Чортъ знаетъ что! лакея бы завела приличнаго, проклятая нѣмка, а то держитъ одну дѣвчонку на весь домъ. Придетъ кто изъ порядочныхъ людей, отворить некому. Нѣтъ, надо переѣхать отсюда, вотъ только расплачусь.

Онъ потянулся, позѣвалъ еще и, рѣшивъ, что все-таки пора вставать, опустилъ ноги на коврикъ у постели.

-- Туфли гдѣ? опять нѣтъ ихъ?-- и онъ сталъ звать горничную.

-- Что прикажете? спросила Ириша, явившись на зовъ.

-- Туфли мои куда запропастила?

-- Вотъ онѣ, извольте; она вытащила туфли изъ-подъ кровати и пододвинула ихъ барину.

-- Ахъ, Боже мой, не видалъ! Онъ всталъ и прошелся по комнатѣ въ туфляхъ и одной рубашкѣ, точно будто ему прислуживалъ казачокъ, а не молодая дѣвушка.

Ириша застыдилась и хотѣла уйти, но онъ остановилъ ее.

-- Постой, ты зачѣмъ меня не разбудила во время?

-- Я васъ, сударь, будила два раза, да вы не встаете, чтожъ мнѣ съ вами дѣлать?

-- Одѣяло сдерни, подушки отними, вотъ что.

-- Я васъ въ другой разъ водой оболью, засмѣялась горничная и убѣжала.

-- Пострѣлъ эдакій! проговорилъ ей вслѣдъ Азаръевъ.

Онъ сталъ мыться и одѣваться, что продолжалось довольно долго; наконецъ, все было окончено и онъ усѣлся пить чай.

-- Вотъ, сказалъ онъ горничной, наливая чай въ новую чашку: -- старую мою, хорошую, разбила, теперь дрянь и подаешь.

Ириша вся вспыхнула. Она затратила большія деньги на новую чашку изъ своихъ кровныхъ, и чашка была лучше старой, она это знала: ей сказалъ Иванъ Ардальонычъ. А вотъ этотъ баринъ говоритъ, что чашка дрянь и думаетъ, что это изъ хозяйскихъ. Какъ же, найдешь у ней такую! Она разсердилась на молодаго барина и пошла къ старому, опять показать ему чашку и отвести съ нимъ душу.
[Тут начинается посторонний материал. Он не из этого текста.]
lemma regular_pair_few_low_degree:
  assumes reg: "regular_pair eps d E A B" and "0 < eps" "eps \<le> 1" "0 < d"
  shows "real (card {x\<in>A. real (card {y\<in>B. E x y}) < (d - eps) * card B}) < eps * card A"
proof (rule ccontr)
  define X where "X = {x\<in>A. real (card {y\<in>B. E x y}) < (d - eps) * card B}"
  assume "\<not> ?thesis"
  then have X_large: "eps * card A \<le> real (card X)" unfolding X_def by simp
  have pos: "card A > 0" "card B > 0" using regular_pair_card_pos[OF reg \<open>0 < d\<close>] by auto
  then have "finite A" "finite B" using card_gt_0_iff by blast+
  have "X \<subseteq> A" unfolding X_def by auto
  have "real (card X) > 0" using X_large pos \<open>0 < eps\<close>
    by (smt (verit) mult_pos_pos of_nat_0_less_iff)
  then have "X \<noteq> {}" "finite X" using \<open>finite A\<close> \<open>X \<subseteq> A\<close> finite_subset by fastforce+
  have "eps * card B \<le> real (card B)" using assms by (intro mult_left_le_one_le) auto
  with reg \<open>X \<subseteq> A\<close> X_large have close: "\<bar>density E A B - density E X B\<bar> < eps"
    unfolding regular_pair_def by blast
  have "real (e_between E X B) = (\<Sum>x\<in>X. real (card {y\<in>B. E x y}))"
    using e_between_eq_sum_degrees[OF \<open>finite X\<close> \<open>finite B\<close>] by simp
  also have "\<dots> < (\<Sum>x\<in>X. (d - eps) * card B)"
    using \<open>X \<noteq> {}\<close> \<open>finite X\<close> by (intro sum_strict_mono) (auto simp: X_def)
  finally have "real (e_between E X B) < card X * ((d - eps) * card B)" by simp
  then have "density E X B < d - eps"
    unfolding density_def using pos \<open>real (card X) > 0\<close> by (simp add: divide_less_eq mult_ac)
  moreover have "density E A B \<ge> d" using reg unfolding regular_pair_def by simp
  ultimately show False using close by linarith
qed

lemma regular_pair_majority_high_degree:
  assumes "regular_pair eps d E A B" "0 < eps" "2 * eps \<le> 1" "0 < d"
  shows "card A < 2 * card {x\<in>A. (d - eps) * card B \<le> card {y\<in>B. E x y}}"
proof -
  let ?high = "{x\<in>A. (d - eps) * card B \<le> card {y\<in>B. E x y}}"
  let ?low = "{x\<in>A. real (card {y\<in>B. E x y}) < (d - eps) * card B}"
  have "finite A" using regular_pair_card_pos[OF assms(1,4)] card_gt_0_iff by blast
  have "card A = card ?high + card ?low"
    using \<open>finite A\<close> by (subst card_Un_disjoint[symmetric]) (auto intro: arg_cong[where f = card])
  moreover have "real (card ?low) < eps * card A" using regular_pair_few_low_degree[OF assms(1,2)] assms by simp
  moreover have "2 * eps * card A \<le> card A" using mult_right_mono[of "2 * eps" 1 "card A"] assms by simp
  ultimately show ?thesis by linarith
qed
theorem lemma3p3:
  fixes l s k q :: nat and m :: "nat \<Rightarrow> nat"
  assumes "l \<ge> 1" and "s \<ge> 1"
    and "m 1 \<ge> 1" and "\<And>j. 1 \<le> j \<Longrightarrow> j < s \<Longrightarrow> m (Suc j) - m j \<ge> 1"
    and "k > s" and "q \<ge> 1"
  shows
    "((\<lambda>n. measure_pmf.expectation (urn l s m n) (\<lambda>U. real (Mk k U) ^ q))
       \<in> \<Theta>(\<lambda>n. real n powr (real (q * l) / real (l + 1)))) \<and>
    (\<exists>r. r \<in> O(\<lambda>n. 1 / real n) \<and>
       (\<forall>\<^sub>F n in at_top.
          measure_pmf.expectation (urn l s m n) (\<lambda>U. \<Prod>i\<in>{0..l}. real (Mk k U + i))
          = (real (m s) + real (l + 1) * real (k - s) + real l) * real n ^ l
              * (real (l + 1) / real l) ^ l * (1 + r n))) \<and>
    limsup (\<lambda>n. ereal (measure_pmf.expectation (urn l s m n)
        (\<lambda>U. real n powr (real l / real (l + 1)) / real (Mk k U)))) < \<infinity>"
proof -
  interpret colour_urn l s k m
    using assms(1-5) by unfold_locales auto
  show ?thesis
    using moment_Theta[OF assms(6)] rising_factorial_expectation inverse_moment_limsup by blast
qed

end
Добрый этотъ Иванъ Ардальонычъ, думала она, хорошій, никогда безъ халата мнѣ не покажется, не то, что Андрей Александровичъ: голый, въ одной рубашкѣ по комнатѣ ходитъ.

Явившись въ этотъ день на службу поздно, въ исходѣ перваго часа, Азарьевъ не получилъ за это ни выговора, ни замѣчанія отъ начальства; онъ считался бѣленькимъ въ своемъ департаментѣ, т. е. привилегированнымъ; черненькіе же чиновники давно сидѣли на своихъ мѣстахъ и строчили.

Такое положеніе на службѣ было обусловлено тѣмъ, что онъ всегда былъ безукоризненно одѣтъ, благодаря кредиту у портнаго и сапожника, говорилъ прекрасно но-французски и бывалъ на вечерахъ у директора департамента, какъ ловкій и красивый танцоръ. По тѣмъ же причинамъ онъ водилъ дружбу преимущественно съ начальниками отдѣленій и столоначальниками, а своего брата, заштатнаго чиновника, считалъ паріемъ и обращался съ нимъ свысока.

Въ особенности онъ посѣщалъ часто одного бывшаго лицеиста, по фамиліи Бронникова, который тоже считался привиллегированныхъ и сынкомъ богатаго папеньки.

Этотъ Бронниковъ былъ фонтанелью для тощаго кармана Азарьева; онъ затягивалъ его постоянно въ кутежи, въ картежную игру и въ разные другіе расходы не на его средствамъ, но отстать отъ него Андрей Александровичъ не рѣшался, такъ какъ не хотѣлъ признать свою денежную несостоятельность и погубить себя во мнѣніи порядочныхъ людей.

-- Андрей Александровичъ! воскликнулъ Бронниковъ, какъ только его завидѣлъ въ департаментѣ: -- ты гдѣ обѣдаешь сегодня?

-- Нигдѣ особенно, отвѣчалъ Азарьевъ.

-- Такъ приходи въ шесть часовъ къ Донону, тамъ будутъ наши, вмѣстѣ пообѣдаемъ.

Азарьевъ зналъ, что это значитъ "вмѣстѣ пообѣдаемъ", но тѣмъ не менѣе храбро обѣщалъ придти. Въ карманѣ у него было двадцать пять рублей, выпрошенныхъ впередъ у казначея, для самыхъ неотложныхъ расплатъ, напримѣръ: прачкѣ, въ лавочку, въ булочную, горничной по мелкимъ счетамъ, не говоря уже о крупномъ долгѣ хозяйкѣ за квартиру, который не зналъ, чѣмъ заплатить. Но онъ ни на минуту не задумался послать всѣхъ этихъ кредиторовъ къ чорту и въ назначенный часъ явился къ Донону.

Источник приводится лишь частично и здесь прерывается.